Last week, McAfee drew two challengers for his election on May 21 — Robert Patillo, a civil rights attorney, and Tiffani Johnson, a staff attorney for another Fulton County judge. The nonpartisan judicial election will appear on the same ballot as partisan primary races, including district attorney. A runoff, if needed, would happen in June.

Patillo has noted that the Trump election case has moved at a faster clip than prosecutions of lesser-known defendants who have been sitting in jail for years waiting for their trials. He called the Willis removal hearings a “giant reality show” that has embarrassed Atlanta. “Tell me that looks like a well-run courtroom,” Patillo told the “Shelley Wynter Show,” a conservative radio program.

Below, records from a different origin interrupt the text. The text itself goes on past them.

theorem corollary1p8:
  fixes M :: "'a measure" and B :: real and m :: nat
    and a b :: "nat \<Rightarrow> real"
    and lo hi :: "nat \<Rightarrow> 'a \<Rightarrow> nat \<Rightarrow> real"
    and P :: "nat \<Rightarrow> nat \<Rightarrow> 'a \<Rightarrow> real"
    and \<mu> \<sigma>2 :: real
  assumes "prob_space M"
    and "B > 1"
    and "m \<ge> 1"
    and box0: "\<And>i. i < m \<Longrightarrow> a i < b i"
    and start: "\<And>\<omega> i. \<omega> \<in> space M \<Longrightarrow> i < m \<Longrightarrow> lo 0 \<omega> i = a i \<and> hi 0 \<omega> i = b i"
    and nested: "\<And>n \<omega> i. \<omega> \<in> space M \<Longrightarrow> i < m \<Longrightarrow>
         lo n \<omega> i \<le> lo (Suc n) \<omega> i \<and> lo (Suc n) \<omega> i < hi (Suc n) \<omega> i \<and> hi (Suc n) \<omega> i \<le> hi n \<omega> i"
    and cut: "\<And>n \<omega> i. \<omega> \<in> space M \<Longrightarrow> i < m \<Longrightarrow>
         hi (Suc n) \<omega> i - lo (Suc n) \<omega> i = P i (Suc n) \<omega> * (hi n \<omega> i - lo n \<omega> i)"
    and meas: "\<And>i n. i < m \<Longrightarrow> n \<ge> 1 \<Longrightarrow> P i n \<in> borel_measurable M"
    and range01: "\<And>i n \<omega>. i < m \<Longrightarrow> n \<ge> 1 \<Longrightarrow> \<omega> \<in> space M \<Longrightarrow> 0 < P i n \<omega> \<and> P i n \<omega> < 1"
    and indep: "prob_space.indep_vars M (\<lambda>_. borel) (\<lambda>(i, n). P i n) ({..<m} \<times> {1..})"
    and ident: "\<And>i n. i < m \<Longrightarrow> n \<ge> 1 \<Longrightarrow> distr M borel (P i n) = distr M borel (P i 1)"
    and continuous: "\<And>i x. i < m \<Longrightarrow> measure M {\<omega>\<in>space M. P i 1 \<omega> = x} = 0"
    and int1: "\<And>i. i < m \<Longrightarrow> integrable M (\<lambda>\<omega>. log B (P i 1 \<omega>))"
    and int2: "\<And>i. i < m \<Longrightarrow> integrable M (\<lambda>\<omega>. (log B (P i 1 \<omega>))\<^sup>2)"
    and int3: "\<And>i. i < m \<Longrightarrow> integrable M (\<lambda>\<omega>. \<bar>log B (P i 1 \<omega>)\<bar> ^ 3)"
    and mean: "\<And>i. i < m \<Longrightarrow> prob_space.expectation M (\<lambda>\<omega>. log B (P i 1 \<omega>)) = \<mu>"
    and var: "\<And>i. i < m \<Longrightarrow> prob_space.variance M (\<lambda>\<omega>. log B (P i 1 \<omega>)) = \<sigma>2"
    and "\<sigma>2 > 0"
  shows "strong_Benford M B (\<lambda>n \<omega>. box_vol m (lo n \<omega>) (hi n \<omega>))"
proof -
  define V where "V = (\<Prod>i<m. b i - a i)"
  have vol: "box_vol m (lo n \<omega>) (hi n \<omega>) = V * (\<Prod>(i, k)\<in>{..<m} \<times> {1..n}. P i k \<omega>)"
    if "\<omega> \<in> space M" for n \<omega>
  proof -
    have "hi n \<omega> i - lo n \<omega> i = (b i - a i) * (\<Prod>k\<in>{1..n}. P i k \<omega>)" if "i < m" for i
      using prod_of_multiplicative_recurrence[of "\<lambda>n. hi n \<omega> i - lo n \<omega> i" "\<lambda>k. P i k \<omega>"]
        cut[OF \<open>\<omega> \<in> space M\<close> that] start[OF \<open>\<omega> \<in> space M\<close> that] by simp
    then show ?thesis
      by (simp add: box_vol_def V_def prod.distrib prod.cartesian_product[symmetric])
  qed
  show ?thesis
  proof (rule prob_space.strong_Benford_iid_product[where I="{..<m}" and V=V])
    show "V > 0"
      unfolding V_def using box0 by (intro prod_pos) simp
    show "{..<m} \<noteq> {}"
      using \<open>m \<ge> 1\<close> by (intro ex_in_conv[THEN iffD1] exI[of _ 0]) simp
    show "0 < P i k \<omega>" if "i \<in> {..<m}" "k \<ge> 1" "\<omega> \<in> space M" for i k \<omega>
      using range01 that by simp
    show "distr M borel (P i k) = distr M borel (P i 1)" if "i \<in> {..<m}" "k \<ge> 1" for i k
      using that by (intro ident) auto
  qed (use \<open>prob_space M\<close> \<open>B > 1\<close> indep continuous vol in auto)
qed

end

The next day, McAfee called in to the same show. He did not respond to Patillo’s comments about the Trump case, but said he inherited a docket where 25 defendants had been in jail for more than 1,000 days — and that number is now 10.

“We have been attacking this backlog with everything I’ve got. We’ve been just doing jury trial after jury trial,” McAfee said, adding that he has presided over more than 25 murder trials. “People maybe don’t see all of the cases that I’ve handled. Maybe one of them gets most of the attention.”

Sadow, Trump’s attorney, suggested last week that Patillo had been “chosen” to run against McAfee by a “pro-Willis faction to put political pressure on the court to rule in her favor.” Patillo publicly denied it. McAfee dismissed it.

“I’m not one to jump into conspiracy theories like that,” McAfee said. And even if it were true, he added, “it is absolutely not going to play into my decision in any way. No job is worth my integrity.”

McAfee said he contemplates a day when his children, now ages 5 and 3, are old enough to ask him about the cases he has handled.

“I’m looking forward to looking them in the eye and telling them I played it straight,” he said, “and I did the best I could.”

Marianne LeVine contributed to this report.